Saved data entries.
(* Fix $k\ge1$. Let $\mathcal T_k$ be the set of self-avoiding walks on $\mathbb Z^2$ (including the empty walk) with North, East and South unit steps, starting at $(0,0)$ and confined to the strip $0\le y\le k$. For $w\in\mathcal T_k$ let $h(w)$ (resp. $h_c(w)$) be the number of horizontal steps at height different from $0$ and $k$ (resp. at height $0$ or $k$), and $v(w)$ (resp. $v_c(w)$) the number of vertical steps ending at height different from $0$ and $k$ (resp. ending at height $0$ or $k$). Let $$T_k(1)=\sum_{w\in\mathcal T_k}x^{h(w)}y^{v(w)}a^{h_c(w)}b^{v_c(w)}.$$ Then $T_k(1)=N_k/G_k$, where $N_k$, $G_k$ are defined by the recurrence $N_k=(1-x+y^2(1+x))N_{k-2}-y^2N_{k-4}$ (and the same recurrence for $G_k$) with initial conditions $N_{-1}=(1-x-xy)(b-y)/y^2$, $N_0=(b-xb+xy)/y$, $N_1=1+b$, $N_2=1-x+y+by(1+x)$, $G_0=(x-1)ab/y-(x+1)(a-1)$, $G_1=1-a-ab$, $G_2=(1-x)(1-a)-(x+1)yab$, $G_3=(1-x-xy)(1-a)-yab(x+y+xy)$; for $k\ge1$, $N_k$ and $G_k$ are polynomials in $x,y,a,b$. Equivalently, $$T_k(1)=\frac1{P(1/S)S^k+P(S)}\left(Q(1/S)S^k+Q(S)+(1-y^2)\frac{S^k-S}{S-1}\right),$$ where $S$ is the only power series in $x$ and $y$ satisfying $S+\frac1S=(1+x)y+(1-x)/y$, and $P(s)=1-a+aby-s(ab+y-ay)$, $Q(s)=1-by+(b-y)s$. *)

theory Defs
  imports "HOL-Analysis.Analysis"
begin

datatype step = North | East | South

fun move :: "step \<Rightarrow> int \<times> int \<Rightarrow> int \<times> int" where
  "move North (i, j) = (i, j + 1)"
| "move East (i, j) = (i + 1, j)"
| "move South (i, j) = (i, j - 1)"

fun pts :: "int \<times> int \<Rightarrow> step list \<Rightarrow> (int \<times> int) list" where
  "pts p [] = [p]"
| "pts p (s # ws) = p # pts (move s p) ws"

definition walks :: "nat \<Rightarrow> step list set" where
  "walks k = {w. distinct (pts (0, 0) w) \<and>
                 (\<forall>q \<in> set (pts (0, 0) w). 0 \<le> snd q \<and> snd q \<le> int k)}"

definition steps_at :: "step list \<Rightarrow> (step \<times> (int \<times> int)) list" where
  "steps_at w = zip w (pts (0, 0) w)"

definition boundary :: "nat \<Rightarrow> int \<Rightarrow> bool" where
  "boundary k j \<longleftrightarrow> j = 0 \<or> j = int k"

definition hstat :: "nat \<Rightarrow> step list \<Rightarrow> nat" where
  "hstat k w = length (filter (\<lambda>(s, p). s = East \<and> \<not> boundary k (snd p)) (steps_at w))"

definition hcstat :: "nat \<Rightarrow> step list \<Rightarrow> nat" where
  "hcstat k w = length (filter (\<lambda>(s, p). s = East \<and> boundary k (snd p)) (steps_at w))"

definition vstat :: "nat \<Rightarrow> step list \<Rightarrow> nat" where
  "vstat k w = length (filter (\<lambda>(s, p). s \<noteq> East \<and> \<not> boundary k (snd (move s p))) (steps_at w))"

definition vcstat :: "nat \<Rightarrow> step list \<Rightarrow> nat" where
  "vcstat k w = length (filter (\<lambda>(s, p). s \<noteq> East \<and> boundary k (snd (move s p))) (steps_at w))"

text \<open>NN n = N_(n-1)  (index shifted by one so that N_(-1) is NN 0).\<close>
fun NN :: "real \<Rightarrow> real \<Rightarrow> real \<Rightarrow> real \<Rightarrow> nat \<Rightarrow> real" where
  "NN x y a b 0 = (1 - x - x*y) * (b - y) / y^2"
| "NN x y a b (Suc 0) = (b - x*b + x*y) / y"
| "NN x y a b (Suc (Suc 0)) = 1 + b"
| "NN x y a b (Suc (Suc (Suc 0))) = 1 - x + y + b*y*(1 + x)"
| "NN x y a b (Suc (Suc (Suc (Suc n)))) =
     (1 - x + y^2 * (1 + x)) * NN x y a b (Suc (Suc n)) - y^2 * NN x y a b n"

definition Nk :: "real \<Rightarrow> real \<Rightarrow> real \<Rightarrow> real \<Rightarrow> nat \<Rightarrow> real" where
  "Nk x y a b k = NN x y a b (Suc k)"

fun Gk :: "real \<Rightarrow> real \<Rightarrow> real \<Rightarrow> real \<Rightarrow> nat \<Rightarrow> real" where
  "Gk x y a b 0 = (x - 1) * a * b / y - (x + 1) * (a - 1)"
| "Gk x y a b (Suc 0) = 1 - a - a*b"
| "Gk x y a b (Suc (Suc 0)) = (1 - x) * (1 - a) - (x + 1) * y * a * b"
| "Gk x y a b (Suc (Suc (Suc 0))) = (1 - x - x*y) * (1 - a) - y*a*b*(x + y + x*y)"
| "Gk x y a b (Suc (Suc (Suc (Suc n)))) =
     (1 - x + y^2 * (1 + x)) * Gk x y a b (Suc (Suc n)) - y^2 * Gk x y a b n"

definition Ppol :: "real \<Rightarrow> real \<Rightarrow> real \<Rightarrow> real \<Rightarrow> real" where
  "Ppol y a b s = 1 - a + a*b*y - s * (a*b + y - a*y)"

definition Qpol :: "real \<Rightarrow> real \<Rightarrow> real \<Rightarrow> real" where
  "Qpol y b s = 1 - b*y + (b - y) * s"

end

theory Submission
  imports Defs
begin

text \<open>Let \<open>F\<^sub>j\<close> be the generating function of the walks started at height \<open>j\<close>, and \<open>P\<^sub>j\<close>, \<open>M\<^sub>j\<close>
  those of the walks whose first step is not South, resp. not North. Splitting off the first
  step gives a linear system in \<open>j\<close>. Up to a correction at the two boundary heights, \<open>F\<^sub>j\<close> then
  satisfies a three-term recurrence with constant coefficients and characteristic roots \<open>S\<close>,
  \<open>1/S\<close>, so \<open>F\<^sub>j = c + A S\<^sup>j + B S\<^sup>-\<^sup>j\<close>. Two boundary conditions at height \<open>0\<close>, and their mirror
  images under \<open>j \<mapsto> k - j\<close> at height \<open>k\<close>, determine \<open>F\<^sub>0\<close> as the stated expression in \<open>S\<close>. The
  even and odd subsequences of \<open>N\<^sub>k\<close> and \<open>G\<^sub>k\<close> obey a recurrence with roots \<open>y S\<close> and \<open>y/S\<close>,
  which identifies \<open>N\<^sub>k/G\<^sub>k\<close> with the same expression. For small \<open>x, y, a, b\<close> the weights are
  dominated by a geometric series in the length, and \<open>|S| \<le> 1/50\<close> keeps all denominators away
  from zero.\<close>

section \<open>Self-avoiding walks in a strip\<close>

lemma pts_translate: "pts (i + d, j) w = map (\<lambda>(p, q). (p + d, q)) (pts (i, j) w)"
proof (induction w arbitrary: i j)
  case (Cons s w)
  show ?case
  proof (cases s)
    case East
    then show ?thesis
      using Cons.IH[of "i + 1" j] by (simp add: ac_simps)
  qed (use Cons.IH in simp_all)
qed simp
lemma wilf_by_involution:
  assumes inv: "\<And>w. f (f w) = w" and len: "\<And>w. length (f w) = length w"
    and sum: "\<And>w. sum_list (f w) = sum_list w" and pw: "\<And>w. pword w \<Longrightarrow> pword (f w)"
    and pat: "\<And>w. pword w \<Longrightarrow> pat_le u w \<longleftrightarrow> pat_le v (f w)"
  shows "wilf_equiv u v"
  unfolding wilf_equiv_def
proof (intro ext)
  fix n m
  let ?W = "\<lambda>u. {w. pword w \<and> pat_le u w \<and> length w = n \<and> sum_list w = m}"
  have to_v: "f w \<in> ?W v" if "w \<in> ?W u" for w
    using that pat pw len sum by auto
  have to_u: "f w \<in> ?W u" if "w \<in> ?W v" for w
  proof -
    have "pat_le u (f w)"
      using that pat[of "f w"] pw inv by auto
    then show ?thesis
      using that pw len sum by auto
  qed
  have "bij_betw f (?W u) (?W v)"
    by (rule bij_betw_byWitness[where f' = f]) (use inv to_u to_v in auto)
  then show "Fgen u n m = Fgen v n m"
    unfolding Fgen_def by (rule bij_betw_same_card)
qed

lemma wilf_rev: "wilf_equiv [a,b,c] [c,b,a]"
proof (rule wilf_by_involution[where f = rev])
  show "pat_le [a,b,c] w \<longleftrightarrow> pat_le [c,b,a] (rev w)" for w
    unfolding pat_le_occ3 occ3_rev ..
qed (auto simp: pword_def)

(* The involution behind [a,p,q] ~ [a,q,p] for a <= p, q: in every maximal block of letters
   >= a, keep the first letter and reverse the rest of the block. *)
function phi :: "nat \<Rightarrow> nat list \<Rightarrow> nat list" where
  "phi a [] = []"
| "phi a (x # xs) = (if x < a then x # phi a xs
     else x # rev (takeWhile (\<lambda>y. a \<le> y) xs) @ phi a (dropWhile (\<lambda>y. a \<le> y) xs))"
  by pat_completeness auto
termination
  by (relation "measure (\<lambda>(a, xs). length xs)") (auto simp: le_imp_less_Suc length_dropWhile_le)

lemma phi_length [simp]: "length (phi a w) = length w"
  by (induction a w rule: phi.induct) (auto, metis length_append takeWhile_dropWhile_id)

lemma phi_set [simp]: "set (phi a w) = set w"
proof (induction a w rule: phi.induct)
  case (2 a x xs)
  have "set xs = set (takeWhile (\<lambda>y. a \<le> y) xs) \<union> set (dropWhile (\<lambda>y. a \<le> y) xs)"
    by (metis set_append takeWhile_dropWhile_id)
  then show ?case using 2 by auto
qed simp

lemma phi_sum [simp]: "sum_list (phi a w) = sum_list w"
  by (induction a w rule: phi.induct) (auto, metis sum_list_append takeWhile_dropWhile_id)

lemma phi_barrier: "w = [] \<or> hd w < a \<Longrightarrow> phi a w = [] \<or> hd (phi a w) < a"
  by (cases w) auto

lemma dropWhile_barrier:
  "dropWhile (\<lambda>y. a \<le> y) xs = [] \<or> hd (dropWhile (\<lambda>y. a \<le> y) xs) < (a::nat)"
  by (induction xs) auto

lemma run_split:
  assumes "\<forall>r\<in>set R. a \<le> r" and "D = [] \<or> hd D < (a::nat)"
  shows "takeWhile (\<lambda>y. a \<le> y) (R @ D) = R" "dropWhile (\<lambda>y. a \<le> y) (R @ D) = D"
  using assms by (induction R) (cases D; auto)+

lemma phi_Cons_run:
  assumes "a \<le> x" "\<forall>r\<in>set R. a \<le> r" "D = [] \<or> hd D < a"
  shows "phi a (x # R @ D) = x # rev R @ phi a D"
  unfolding phi.simps(2) run_split[OF assms(2,3)] using assms(1) by simp

lemma phi_phi [simp]: "phi a (phi a w) = w"
proof (induction a w rule: phi.induct)
  case (2 a x xs)
  show ?case
  proof (cases "x < a")
    case True
    then show ?thesis using 2 by simp
  next
    case False
    define R where "R = takeWhile (\<lambda>y. a \<le> y) xs"
    define D where "D = dropWhile (\<lambda>y. a \<le> y) xs"
    have R: "\<forall>r\<in>set R. a \<le> r" unfolding R_def by (auto dest: set_takeWhileD)
    have D: "D = [] \<or> hd D < a" unfolding D_def by (rule dropWhile_barrier)
    have "phi a (x # xs) = x # rev R @ phi a D"
      using False unfolding R_def D_def by simp
    moreover have "phi a (x # rev R @ phi a D) = x # rev (rev R) @ phi a (phi a D)"
      by (rule phi_Cons_run) (use False R phi_barrier[OF D] in auto)
    ultimately have "phi a (phi a (x # xs)) = x # R @ phi a (phi a D)"
      by simp
    also have "\<dots> = x # xs"
      using 2(2)[OF False] unfolding R_def D_def by simp
    finally show ?thesis .
  qed
qed simp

WHAT THE TASK ASKS.
From the data, list each line in which the string "that" appears.

RESULT.
text \<open>NN n = N_(n-1)  (index shifted by one so that N_(-1) is NN 0).\<close>
    using that pat pw len sum by auto
      using that pat[of "f w"] pw inv by auto
      using that pw len sum by auto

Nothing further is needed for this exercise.